(Saved entries)
....

(* Assume (A1) and let $i,j\in I_N$. For every $(y,x)\in J_j^*\times J_i^*$ there exists a unique $\tau=T(y,x)\in(0,1)$ such that $\mathcal{D}_{\mathrm{implicit}}^{ji}(y,x)=\mathcal{E}_1(\tau,y)+\mathcal{E}_2(\tau,x)$. Moreover, $\mathcal{D}_{\mathrm{implicit}}^{ji}$ is differentiable there with $$\partial_{x_i}\mathcal{D}_{\mathrm{implicit}}^{ji}(y,x)=L_i'\Big(\frac{x_i}{1-T(y,x)}\Big),\qquad \partial_{y_j}\mathcal{D}_{\mathrm{implicit}}^{ji}(y,x)=-L_j'\Big(-\frac{y_j}{T(y,x)}\Big).$$
   Context: Junction: fix an integer $N\ge1$ and $N$ distinct unit vectors $e_1,\dots,e_N\in\mathbb{R}^2$. Set $J_i=[0,\infty)e_i$, $J_i^*=J_i\setminus\{0\}$, $J=\bigcup_iJ_i$, $I_N=\{1,\dots,N\}$. Each $x\in J_i$ is written $x=x_ie_i$, $x_i\ge0$. For a function $f$ on $J\times J$ (variables $(y,x)$), $f^{ji}$ denotes its restriction to $J_j\times J_i$, viewed as a function of $(y_j,x_i)$. (A1): there is $\gamma>0$ with $L_i\in C^2(\mathbb{R})$, $L_i''\ge\gamma$ for each $i$. $L_0(0)=\min_jL_j(0)$. For $\tau\in[0,1]$: $\mathcal{E}_1(\tau,y)=\tau L_j(-y_j/\tau)-\tau L_0(0)$ if $y=y_je_j\ne0$, $\tau\ne0$; $\mathcal{E}_1(\tau,0)=0$; $\mathcal{E}_1(0,y)=+\infty$ if $y\ne0$. $\mathcal{E}_2(\tau,x)=(1-\tau)L_i(x_i/(1-\tau))+\tau L_0(0)$ if $x=x_ie_i\ne0$, $\tau\ne1$; $\mathcal{E}_2(\tau,0)=L_0(0)$; $\mathcal{E}_2(1,x)=+\infty$ if $x\ne0$. $\mathcal{D}_{\mathrm{implicit}}(y,x)=\inf_{0\le\tau\le1}\{\mathcal{E}_1(\tau,y)+\mathcal{E}_2(\tau,x)\}$. *)

theory Defs
  imports "HOL-Analysis.Analysis"
begin

text \<open>Junction with branches J_k = [0,\<infinity>) e_k, k \<in> {1..N}, e_k distinct unit vectors in R^2.
  A point y = y_k e_k of J has coordinate y_k = norm y (unit vectors).\<close>

definition branch :: "(nat \<Rightarrow> real^2) \<Rightarrow> nat \<Rightarrow> real^2 \<Rightarrow> nat" where
  "branch e N y = (THE k. k \<in> {1..N} \<and> (\<exists>t\<ge>0. y = t *\<^sub>R e k))"

definition L00 :: "nat \<Rightarrow> (nat \<Rightarrow> real \<Rightarrow> real) \<Rightarrow> real" where
  "L00 N L = Min ((\<lambda>k. L k 0) ` {1..N})"

definition E1 :: "(nat \<Rightarrow> real^2) \<Rightarrow> nat \<Rightarrow> (nat \<Rightarrow> real \<Rightarrow> real) \<Rightarrow> real \<Rightarrow> real^2 \<Rightarrow> ereal" where
  "E1 e N L \<tau> y =
     (if y = 0 then 0
      else if \<tau> = 0 then \<infinity>
      else ereal (\<tau> * L (branch e N y) (- norm y / \<tau>) - \<tau> * L00 N L))"

definition E2 :: "(nat \<Rightarrow> real^2) \<Rightarrow> nat \<Rightarrow> (nat \<Rightarrow> real \<Rightarrow> real) \<Rightarrow> real \<Rightarrow> real^2 \<Rightarrow> ereal" where
  "E2 e N L \<tau> x =
     (if x = 0 then ereal (L00 N L)
      else if \<tau> = 1 then \<infinity>
      else ereal ((1 - \<tau>) * L (branch e N x) (norm x / (1 - \<tau>)) + \<tau> * L00 N L))"

definition D_implicit :: "(nat \<Rightarrow> real^2) \<Rightarrow> nat \<Rightarrow> (nat \<Rightarrow> real \<Rightarrow> real) \<Rightarrow> real^2 \<Rightarrow> real^2 \<Rightarrow> ereal" where
  "D_implicit e N L y x = (INF \<tau>\<in>{0..1}. E1 e N L \<tau> y + E2 e N L \<tau> x)"

end

theory Submission
  imports Defs
begin

(* For y = a e_j and x = b e_i with a, b > 0, the quantity E1 + E2 at time tau in (0,1) is the
   transit cost  c(a,b,tau) = tau Lj(-a/tau) + (1-tau) Li(b/(1-tau)),  and it is +infinity at
   tau = 0 and tau = 1.  So D_implicit is the infimum of c(a,b,.) over the open interval (0,1).
   1. A function with second derivative >= gamma is gamma-strongly convex; then its perspective
      (t,u) |-> t f(u/t) is jointly convex with an explicit quadratic gain.  Hence c is
      midpoint convex in (a,b,tau) jointly, strictly in tau when a > 0: minimisers are unique.
   2. The strong convexity bound below the tangent at 0 makes c blow up at both ends of (0,1);
      with continuity a minimiser exists.  This defines the transit time T(a,b) and the optimal
      cost V(a,b) = c(a,b,T(a,b)) = D_implicit.
   3. V is midpoint convex (by 1) and lies below the smooth function c(.,.,T(s,r)), touching it
      at (s,r).  A midpoint convex function touched from above by a differentiable function is
      differentiable there with the same derivative (an envelope argument), which gives the
      derivative formula. *)

(* A second derivative bounded below by gamma makes f gamma-strongly convex, i.e.
   f - gamma/2 z^2 is convex; all later estimates only use this form. *)
lemma convex_of_second_derivative_ge:
  fixes f f' f'' :: "real \<Rightarrow> real"
  assumes f': "\<And>z. (f has_real_derivative f' z) (at z)"
    and f'': "\<And>z. (f' has_real_derivative f'' z) (at z)"
    and ge: "\<And>z. f'' z \<ge> \<gamma>"
  shows "convex_on UNIV (\<lambda>z. f z - \<gamma>/2 * z\<^sup>2)"
proof (rule convex_on_realI[where f'="\<lambda>z. f' z - \<gamma> * z"])
  fix x :: real
  show "((\<lambda>z. f z - \<gamma>/2 * z\<^sup>2) has_real_derivative f' x - \<gamma> * x) (at x)"
    using f' by (auto intro!: derivative_eq_intros)
next
  fix x y :: real assume "x \<le> y"
  then show "f' x - \<gamma> * x \<le> f' y - \<gamma> * y"
  proof (rule DERIV_nonneg_imp_nondecreasing)
    fix z :: real
    have "((\<lambda>z. f' z - \<gamma> * z) has_real_derivative f'' z - \<gamma>) (at z)"
      using f'' by (auto intro!: derivative_eq_intros)
    then show "\<exists>d. ((\<lambda>z. f' z - \<gamma> * z) has_real_derivative d) (at z) \<and> 0 \<le> d"
      using ge[of z] by auto
  qed
qed simp

lemma strongly_convex_combination:
  fixes f :: "real \<Rightarrow> real"
  assumes cvx: "convex_on UNIV (\<lambda>z. f z - \<gamma>/2 * z\<^sup>2)" and u: "0 \<le> u" "u \<le> 1"
  shows "f (u*a + (1-u)*b) \<le> u * f a + (1-u) * f b - \<gamma>/2 * u*(1-u)*(a-b)\<^sup>2"
proof -
  define m where "m = u*a + (1-u)*b"
  have "f m - \<gamma>/2 * m\<^sup>2 \<le> u * (f a - \<gamma>/2 * a\<^sup>2) + (1-u) * (f b - \<gamma>/2 * b\<^sup>2)"
    using convex_onD[OF cvx, of "1-u" a b] u by (simp add: m_def)
  moreover have "u * (f a - \<gamma>/2 * a\<^sup>2) = u * f a - \<gamma>/2 * (u * a\<^sup>2)"
    and "(1-u) * (f b - \<gamma>/2 * b\<^sup>2) = (1-u) * f b - \<gamma>/2 * ((1-u) * b\<^sup>2)"
    by (simp_all add: right_diff_distrib mult.left_commute)
  ultimately have cv: "f m - \<gamma>/2 * m\<^sup>2 \<le> u * f a - \<gamma>/2 * (u * a\<^sup>2) + ((1-u) * f b - \<gamma>/2 * ((1-u) * b\<^sup>2))"
    by simp
  have sq: "m\<^sup>2 = u*a\<^sup>2 + (1-u)*b\<^sup>2 - u*(1-u)*(a-b)\<^sup>2"
    by (simp add: m_def power2_eq_square algebra_simps)
  have "\<gamma>/2 * m\<^sup>2 = \<gamma>/2 * (u*a\<^sup>2) + \<gamma>/2 * ((1-u)*b\<^sup>2) - \<gamma>/2 * u*(1-u)*(a-b)\<^sup>2"
    by (simp only: sq) (simp add: field_simps)
  with cv show ?thesis unfolding m_def by linarith
qed

lemma strongly_convex_above_tangent:
  fixes f :: "real \<Rightarrow> real"
  assumes cvx: "convex_on UNIV (\<lambda>z. f z - \<gamma>/2 * z\<^sup>2)"
    and f': "(f has_real_derivative d) (at 0)"
  shows "f z \<ge> f 0 + d * z + \<gamma>/2 * z\<^sup>2"
proof -
  have "((\<lambda>z. f z - \<gamma>/2 * z\<^sup>2) has_real_derivative d) (at 0)"
    using f' by (auto intro!: derivative_eq_intros)
  from convex_on_imp_above_tangent[OF cvx _ _ _ this, of z] show ?thesis by simp
qed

....

Using the data above, transcribe the lines that run from the line with "(f' has_real_derivative f''" to the line with "fix x :: real", both ends kept, and output nothing else.

* [OUTPUT BELOW]:
    and f'': "\<And>z. (f' has_real_derivative f'' z) (at z)"
    and ge: "\<And>z. f'' z \<ge> \<gamma>"
  shows "convex_on UNIV (\<lambda>z. f z - \<gamma>/2 * z\<^sup>2)"
proof (rule convex_on_realI[where f'="\<lambda>z. f' z - \<gamma> * z"])
  fix x :: real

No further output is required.